[pdf version is here](As of 2020-Mar-30)
“How to Uplift the World with “Memory””
Kenichi Mori (Kioxia)
Abstract: NAND flash memory expanded its market and application and changed our lifestyle by reducing the cost per bit ($/GB). Many innovations were introduced to keep the cost trend and to improve the performance. Now, as the next step, 5G and AI are changing our society and advanced computing systems is required for such high level computing.
Non-volatile memory is a key component to enable this paradigm shift. The challenges and opportunities of NAND flash and other emerging memories for next decades will be discussed.
Kenichi Mori is General Manager, System Technology Research & Development Center, Kioxia Corporation, which Toshiba Memory Corporation was renamed to on October 1, 2019. He joined Toshiba Corporation in 1990, and engaged in research and development of real-time computer graphics for home video game console system LSIs. After that, he was the software development leader of SpursEngine, which was a high-performance multi-core stream processor for media processing acceleration. He is now leading research and development of storage systems and controller hardware and software for non-volatile memory. He received M.E. in Electrical and Communication Engineering from Tohoku University in 1990.
“Reconfigurable Cloud Scale AI “
Aaron Smith (Microsoft)
Aaron Smith leads the machine learning compiler team in Microsoft Azure’s Cloud Systems group and is a Reader in Informatics at the University of Edinburgh. His research interests include optimizing compilers, computer architecture and cloud computing.
“An Extremely Quantized Deep Neural Network Accelerator for Edge Devices”
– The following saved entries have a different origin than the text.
(* Let $\Phi_1,\Phi_2$ be Young functions and $u:\mathbb{R}^n\to(0,\infty)$. Then the following statements are equivalent: (1) $\Phi_1 \prec \Phi_2$, i.e. there is a constant $C>0$ with $\Phi_1(t) \le \Phi_2(Ct)$ for all $t>0$; (2) $wL_{\Phi_2}^u(\mathbb{R}^n) \subseteq wL_{\Phi_1}^u(\mathbb{R}^n)$; (3) there is a constant $C>0$ such that $\|f\|_{wL_{\Phi_1}^u(\mathbb{R}^n)} \le C\|f\|_{wL_{\Phi_2}^u(\mathbb{R}^n)}$ for every $f\in wL_{\Phi_2}^u(\mathbb{R}^n)$.
   Context: A Young function is a function $\Phi:[0,\infty)\to[0,\infty)$ that is convex, left-continuous, satisfies $\lim_{t\to0}\Phi(t)=0=\Phi(0)$ and $\lim_{t\to\infty}\Phi(t)=\infty$. For a Young function $\Phi$ and a weight $u:\mathbb{R}^n\to(0,\infty)$, the weighted weak Orlicz space $wL_\Phi^u(\mathbb{R}^n)$ is the set of measurable $f:\mathbb{R}^n\to\mathbb{R}$ with $\|f\|_{wL_\Phi^u(\mathbb{R}^n)} := \inf\{ b>0 : \sup_{t>0} \Phi(t)\,|\{x\in\mathbb{R}^n : |u(x)f(x)|/b > t\}| \le 1\} < \infty$, where $|\cdot|$ is Lebesgue measure. *)

theory Defs
  imports "HOL-Analysis.Analysis"
begin

text \<open>Young function, viewed on [0,infinity) (values on negative reals are irrelevant).\<close>
definition young_function :: "(real \<Rightarrow> real) \<Rightarrow> bool" where
  "young_function \<Phi> \<longleftrightarrow>
     (\<forall>t\<ge>0. 0 \<le> \<Phi> t) \<and>
     convex_on {0..} \<Phi> \<and>
     (\<forall>t>0. continuous (at_left t) \<Phi>) \<and>
     \<Phi> 0 = 0 \<and> (\<Phi> \<longlongrightarrow> 0) (at_right 0) \<and>
     filterlim \<Phi> at_top at_top"

text \<open>The weak Orlicz (quasi)norm, with value infinity when no admissible b exists.\<close>
definition wOrlicz_norm ::
  "(real \<Rightarrow> real) \<Rightarrow> ('a::euclidean_space \<Rightarrow> real) \<Rightarrow> ('a \<Rightarrow> real) \<Rightarrow> ennreal" where
  "wOrlicz_norm \<Phi> u f = Inf {ennreal b | b. b > 0 \<and>
      (\<forall>t>0. ennreal (\<Phi> t) * emeasure lebesgue {x. \<bar>u x * f x\<bar> / b > t} \<le> 1)}"
text \<open>Levels are numbered from 1 as in the paper. Words are bool lists (False = 0, True = 1).
  The ordered set C_j is given by u j :: nat => bool list on indices 1..N_j.\<close>

fun mk_N :: "nat \<Rightarrow> nat \<Rightarrow> nat" where
  "mk_N l1 0 = 0"
| "mk_N l1 (Suc 0) = 2 ^ floor_sqrt l1"
| "mk_N l1 (Suc (Suc j)) = fact (floor_sqrt (mk_N l1 (Suc j)))"

fun mk_l :: "nat \<Rightarrow> nat \<Rightarrow> nat" where
  "mk_l l1 0 = 0"
| "mk_l l1 (Suc 0) = l1"
| "mk_l l1 (Suc (Suc j)) = mk_l l1 (Suc j) * mk_N l1 (Suc j)"

definition Pset :: "nat \<Rightarrow> nat set" where
  "Pset n = {2} \<union> {i^2 | i. 2 \<le> i \<and> i \<le> floor_sqrt n}"

definition Cset :: "nat \<Rightarrow> (nat \<Rightarrow> nat \<Rightarrow> bool list) \<Rightarrow> nat \<Rightarrow> bool list set" where
  "Cset l1 u j = u j ` {1..mk_N l1 j}"

definition marker_system :: "nat \<Rightarrow> (nat \<Rightarrow> nat \<Rightarrow> bool list) \<Rightarrow> bool" where
  "marker_system l1 u \<longleftrightarrow>
     (\<exists>m. l1 = m^2)
   \<and> inj_on (u 1) {1..mk_N l1 1}
   \<and> (\<forall>i\<in>{1..mk_N l1 1}. length (u 1 i) = l1
        \<and> take 3 (u 1 i) = [False, False, True]
        \<and> (\<forall>p. p + 1 < length (u 1 i) \<longrightarrow> \<not> u 1 i ! p \<longrightarrow> \<not> u 1 i ! (p+1) \<longrightarrow> p = 0))
   \<and> (\<forall>j\<ge>1. inj_on (u (Suc j)) {1..mk_N l1 (Suc j)}
        \<and> Cset l1 u (Suc j) =
            {concat (map (\<lambda>i. u j (\<pi> i)) [1..<mk_N l1 j + 1]) | \<pi>.
               \<pi> permutes (Pset (mk_N l1 j) \<inter> {1..mk_N l1 j})}
        \<and> u (Suc j) 1 = concat (map (u j) [1..<mk_N l1 j + 1]))"

definition subword :: "(int \<Rightarrow> bool) \<Rightarrow> int \<Rightarrow> nat \<Rightarrow> bool list" where
  "subword x a n = map (\<lambda>i. x (a + int i)) [0..<n]"

definition marker_X :: "nat \<Rightarrow> (nat \<Rightarrow> nat \<Rightarrow> bool list) \<Rightarrow> (int \<Rightarrow> bool) set" where
  "marker_X l1 u = {x. \<forall>a n. \<exists>j\<ge>1. \<exists>w\<in>Cset l1 u j. sublist (subword x a n) w}"

end

theory Submission
  imports Defs
begin

text \<open>Words of \<open>\<C>\<^sub>j\<close> all have length \<open>l\<^sub>j\<close>, and \<open>\<C>\<^sub>j\<close> is comma free: a word of \<open>\<C>\<^sub>j\<close>
  occurs in a concatenation of words of \<open>\<C>\<^sub>j\<close> only at positions divisible by \<open>l\<^sub>j\<close>. For
  \<open>j = 1\<close> this holds because \<open>001\<close> occurs in such a concatenation only at block starts.
  A word of \<open>\<C>\<^sub>j\<^sub>+\<^sub>1\<close> is a concatenation of \<open>N\<^sub>j\<close> words of \<open>\<C>\<^sub>j\<close> which starts with
  \<open>u\<^sub>1\<close> and contains it nowhere else, because the permutations fix 1; so by comma-freeness
  at level \<open>j\<close> an occurrence of it starts at a block \<open>u\<^sub>1\<close>, i.e. at the start of a word of
  \<open>\<C>\<^sub>j\<^sub>+\<^sub>1\<close>. Finally, \<open>x[0,k+l\<^sub>j)\<close> lies in a word of some \<open>\<C>\<^sub>m\<close> with \<open>m \<ge> j\<close>, which is a
  concatenation of words of \<open>\<C>\<^sub>j\<close>; both occurrences of \<open>x[0,l\<^sub>j)\<close> in it are aligned, hence
  so is their distance \<open>k\<close>.\<close>

lemma length_concat_uniform:
  "\<forall>w\<in>set ws. length w = l \<Longrightarrow> length (concat ws) = length ws * l"
  by (induction ws) auto

lemma nth_concat_uniform:
  "\<forall>w\<in>set ws. length w = l \<Longrightarrow> q < length ws \<Longrightarrow> r < l \<Longrightarrow> concat ws ! (q * l + r) = ws ! q ! r"
proof (induction ws arbitrary: q)
  case Nil
  then show ?case by simp
next
  case (Cons w ws)
  then show ?case
    by (cases q) (simp_all add: nth_append add.assoc)
qed

lemma take_drop_concat_uniform:
  "\<forall>w\<in>set ws. length w = l \<Longrightarrow> q < length ws \<Longrightarrow> take l (drop (q * l) (concat ws)) = ws ! q"
proof (induction ws arbitrary: q)
  case Nil
  then show ?case by simp
next
  case (Cons w ws)
  then show ?case
    by (cases q) (simp_all add: add.commute)
qed

lemma concat_map_concat: "concat (map concat xss) = concat (concat xss)"
  by (induction xss) simp_all

lemma set_subset_image_map: "set ys \<subseteq> f ` A \<Longrightarrow> \<exists>xs. set xs \<subseteq> A \<and> ys = map f xs"
proof -
  assume "set ys \<subseteq> f ` A"
  then have "ys \<in> lists (f ` A)"
    by blast
  then have "ys \<in> map f ` lists A"
    by (simp only: lists_image)
  then obtain xs where "ys = map f xs" "xs \<in> lists A"
    by (rule imageE)
  then show ?thesis
    by auto
qed

definition comma_free :: "'a list set \<Rightarrow> nat \<Rightarrow> bool" where
  "comma_free A l \<longleftrightarrow>
     (\<forall>ws v p. set ws \<subseteq> A \<longrightarrow> v \<in> A \<longrightarrow> p + l \<le> length (concat ws) \<longrightarrow>
        take l (drop p (concat ws)) = v \<longrightarrow> l dvd p)"

lemma marker_occurrence_aligned:
  assumes len: "\<forall>w\<in>set ws. length w = l"
    and prefix: "\<forall>w\<in>set ws. take 3 w = [False, False, True]"
    and unique: "\<forall>w\<in>set ws. \<forall>p. p + 1 < length w \<longrightarrow> \<not> w ! p \<longrightarrow> \<not> w ! (p + 1) \<longrightarrow> p = 0"
    and i: "i + 2 < length (concat ws)"
    and occ: "\<not> concat ws ! i" "\<not> concat ws ! (i + 1)" "concat ws ! (i + 2)"
  shows "l dvd i"
proof -
  let ?W = "concat ws"
  have lenW: "length ?W = length ws * l"
    using len by (rule length_concat_uniform)
  obtain w where w: "w \<in> set ws"
    using i by (cases ws) auto
  have "length (take 3 w) = 3"
    using prefix w by simp
  then have l3: "3 \<le> l"
    using len w by simp
  define q r where "q = i div l" and "r = i mod l"
  have qr: "i = q * l + r" and r: "r < l"
    using l3 by (simp_all add: q_def r_def)
  have q: "q < length ws"
    unfolding q_def using i lenW by (intro less_mult_imp_div_less) simp
  have wq: "ws ! q \<in> set ws"
    using q by simp
  show ?thesis
  proof (cases "r + 1 < l")
    case True
    have "\<not> ws ! q ! r"
      using occ(1) nth_concat_uniform[OF len q r] qr by simp
    moreover have "\<not> ws ! q ! (r + 1)"
      using occ(2) nth_concat_uniform[OF len q True] qr by (simp add: add.assoc)
    moreover have "length (ws ! q) = l"
      using len wq by blast
    ultimately have "r = 0"
      using unique wq True by blast
    then show ?thesis
      using qr by simp
  next
    case False
    then have i2: "i + 2 = Suc q * l + 1"
      using qr r by simp
    then have "Suc q * l < length ws * l"
      using i lenW by linarith
    then have q1: "Suc q < length ws"
      using mult_less_cancel2 by blast
    have "ws ! Suc q ! 1"
      using occ(3) i2 nth_concat_uniform[OF len q1, of 1] l3 by simp
    moreover have "ws ! Suc q ! 1 = take 3 (ws ! Suc q) ! 1"
      by simp
    moreover have "take 3 (ws ! Suc q) = [False, False, True]"
      using prefix q1 by simp
    ultimately show ?thesis
      by simp
  qed
qed

lemma comma_free_marker_code:
  assumes len: "\<forall>w\<in>A. length w = l"
    and prefix: "\<forall>w\<in>A. take 3 w = [False, False, True]"
    and unique: "\<forall>w\<in>A. \<forall>p. p + 1 < length w \<longrightarrow> \<not> w ! p \<longrightarrow> \<not> w ! (p + 1) \<longrightarrow> p = 0"
  shows "comma_free A l"
  unfolding comma_free_def
proof (intro allI impI)
  fix ws v p
  assume ws: "set ws \<subseteq> A" and v: "v \<in> A"
    and bound: "p + l \<le> length (concat ws)" and occ: "take l (drop p (concat ws)) = v"
  have v3: "take 3 v = [False, False, True]" and lv: "length v = l"
    using prefix len v by auto
  have "3 = length (take 3 v)"
    using v3 by simp
  then have l3: "3 \<le> l"
    using lv by simp
  have vt: "v ! t = take 3 v ! t" if "t < 3" for t
    using that by simp
  have v012: "\<not> v ! 0" "\<not> v ! 1" "v ! 2"
    using vt[of 0] vt[of 1] vt[of 2] v3 by simp_all
  have vW: "concat ws ! (p + t) = v ! t" if "t < l" for t
    using occ that bound by auto
  show "l dvd p"
  proof (rule marker_occurrence_aligned)
    show "\<forall>w\<in>set ws. length w = l" "\<forall>w\<in>set ws. take 3 w = [False, False, True]"
      "\<forall>w\<in>set ws. \<forall>p. p + 1 < length w \<longrightarrow> \<not> w ! p \<longrightarrow> \<not> w ! (p + 1) \<longrightarrow> p = 0"
      using ws len prefix unique by blast+
    show "p + 2 < length (concat ws)"
      using bound l3 by linarith
    show "\<not> concat ws ! p" "\<not> concat ws ! (p + 1)" "concat ws ! (p + 2)"
      using vW[of 0] vW[of 1] vW[of 2] v012 l3 by simp_all
  qed
qed

lemma marked_blocks_marker_index:
  assumes bss: "\<forall>bs\<in>set bss. \<exists>cs. bs = c # cs \<and> length cs = n \<and> c \<notin> set cs"
    and q: "q < length (concat bss)" and at: "concat bss ! q = c"
  shows "Suc n dvd q"
proof -
  have len: "\<forall>bs\<in>set bss. length bs = Suc n"
    using bss by auto
  define a r where "a = q div Suc n" and "r = q mod Suc n"
  have qar: "q = a * Suc n + r"
    unfolding a_def r_def by (rule div_mult_mod_eq[symmetric])
  have r: "r < Suc n"
    unfolding r_def by simp
  have a: "a < length bss"
    using q length_concat_uniform[OF len] unfolding a_def by (intro less_mult_imp_div_less) simp
  have "bss ! a ! r = c"
    using nth_concat_uniform[OF len a r] at qar by simp
  moreover obtain cs where "bss ! a = c # cs" "length cs = n" "c \<notin> set cs"
    using bss a by (meson nth_mem)
  ultimately have "r = 0"
    using r by (cases r) auto
  then have "q = a * Suc n"
    using qar by simp
  then show ?thesis
    by (simp only: dvd_triv_right)
qed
Hiroyuki Tokunaga (LeapMind)
Abstract: Deep learning greatly improved the performance in wide variety of research areas including image processing and audio processing. Although significant progress has been made in terms of accuracy, huge computation cost is still remaining as a big issue. Various ideas including quantization have been proposed to solve this issue. In terms of quantized neural network, quantization means a significant reduction of numerical precision of a computation, such as reducing from 32-bit floating point number to an 8-bit integer. The ultimate quantization is making the weight and activation to just 1 bit. It is known that the neural network works even in such an extreme case, although the accuracy is slightly lowered. Techniques for reducing the numeric precision smaller than 8 bits is called extremely low bit quantization or ultra low bit quantization. In this problem setting, the computation of the inner product of the two vectors can be replaced by several bit manipulations. In this talk, we will give an overview of a new accelerator IP dedicated to extremely quantized neural network. Also, how to realize the extremely low bit quantization will be presented.
Hiroyuki Tokunaga received his BS in mechanical science from Osaka University in 2005, and his MS in creative informatics from University of Tokyo in 2007. He worked as a software engineer for several companies including Preferred Infrastructure and SmartNews. Since 2018, he has worked as CTO at LeapMind. His recent interest is accelerating machine learning algorithms, especially deep neural networks from both of algorithm and implementation perspectives.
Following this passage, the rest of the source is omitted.